Guy creates a thread about a woman he's dating (or dated). You. :D

 

He explains -- Their dates have been some of the best of his life. Great energy, great connection. She agrees, so it's mutual.

 

But he admits he's not the greatest texter, an anxious texter, and things never seem to go right when texting.

 

As such, his date becomes frustrated and has ended things with him three times!! A total push/pull, it's crazy! (Again, HIS perspective).

 

It's like clockwork, after every great date, high energy and great connection, she pushes me away!! We manage to patch it up, but then lather, rinse, repeat.

 

Another awesome date, great connection after which I screw up a text and she ends it.

 

One night I lost it which I totally regret, I became frustrated and called her crazy, which I didn't mean I was just frustrated by the situation.
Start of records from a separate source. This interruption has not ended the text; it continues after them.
lemma coding_map_sums:
  assumes "N \<ge> 2"
  shows "(\<lambda>k. real (min (\<omega> !! k) (N - 1)) / real N ^ Suc k) sums coding_map N \<omega>"
    and "0 \<le> coding_map N \<omega>" and "coding_map N \<omega> \<le> 1"
proof -
  have term_le: "real (min (\<omega> !! k) (N - 1)) / real N ^ Suc k \<le> (real N - 1) / real N ^ Suc k" for k
  proof (rule divide_right_mono)
    show "real (min (\<omega> !! k) (N - 1)) \<le> real N - 1" using assms by (simp add: of_nat_diff)
  qed simp
  have "summable (\<lambda>k. real (min (\<omega> !! k) (N - 1)) / real N ^ Suc k)"
    by (rule summable_comparison_test'[where N = 0, OF sums_summable[OF geometric_digit_sums[OF assms]]])
       (simp only: real_norm_def abs_divide power_abs abs_of_nat term_le)
  then show "(\<lambda>k. real (min (\<omega> !! k) (N - 1)) / real N ^ Suc k) sums coding_map N \<omega>"
    unfolding coding_map_def by (rule summable_sums)
  note sums = this
  show "0 \<le> coding_map N \<omega>"
    by (rule sums_le[OF _ sums_zero sums]) simp
  show "coding_map N \<omega> \<le> 1"
    by (rule sums_le[OF _ sums geometric_digit_sums[OF assms]]) (rule term_le)
qed

lemma coding_map_SCons:
  assumes "N \<ge> 2" "d < N"
  shows "coding_map N (d ## \<omega>) = cantor_map N d (coding_map N \<omega>)"
proof -
  have "(\<lambda>k. real (min ((d ## \<omega>) !! Suc k) (N - 1)) / real N ^ Suc (Suc k))
      sums (coding_map N \<omega> / real N)"
    using sums_divide[OF coding_map_sums(1)[OF assms(1)], where c = "real N"] by (simp add: field_simps)
  from sums_Suc_iff[THEN iffD1, OF this] coding_map_sums(1)[OF assms(1), of "d ## \<omega>"]
  have "coding_map N (d ## \<omega>) = coding_map N \<omega> / real N + real d / real N"
    using assms by (auto simp: sums_iff)
  then show ?thesis by (simp add: cantor_map_def add_divide_distrib)
qed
And that was that, it was over.

 

But I really dig this girl, like REALLY dig her, so I reached out, I miss her I want to try again.

 

I have not heard back yet, but did I make the right decision reaching out ?

 

Or are there too many red flags with her pushing me away all the time?

 

--------

 

So I ask you FIO, what would you advise him?

 

Edit: I hope you do not take offense to this, that was not my intention. Just wanted you take a look at things from his perspective.

 

If I don't have it right, I apologize.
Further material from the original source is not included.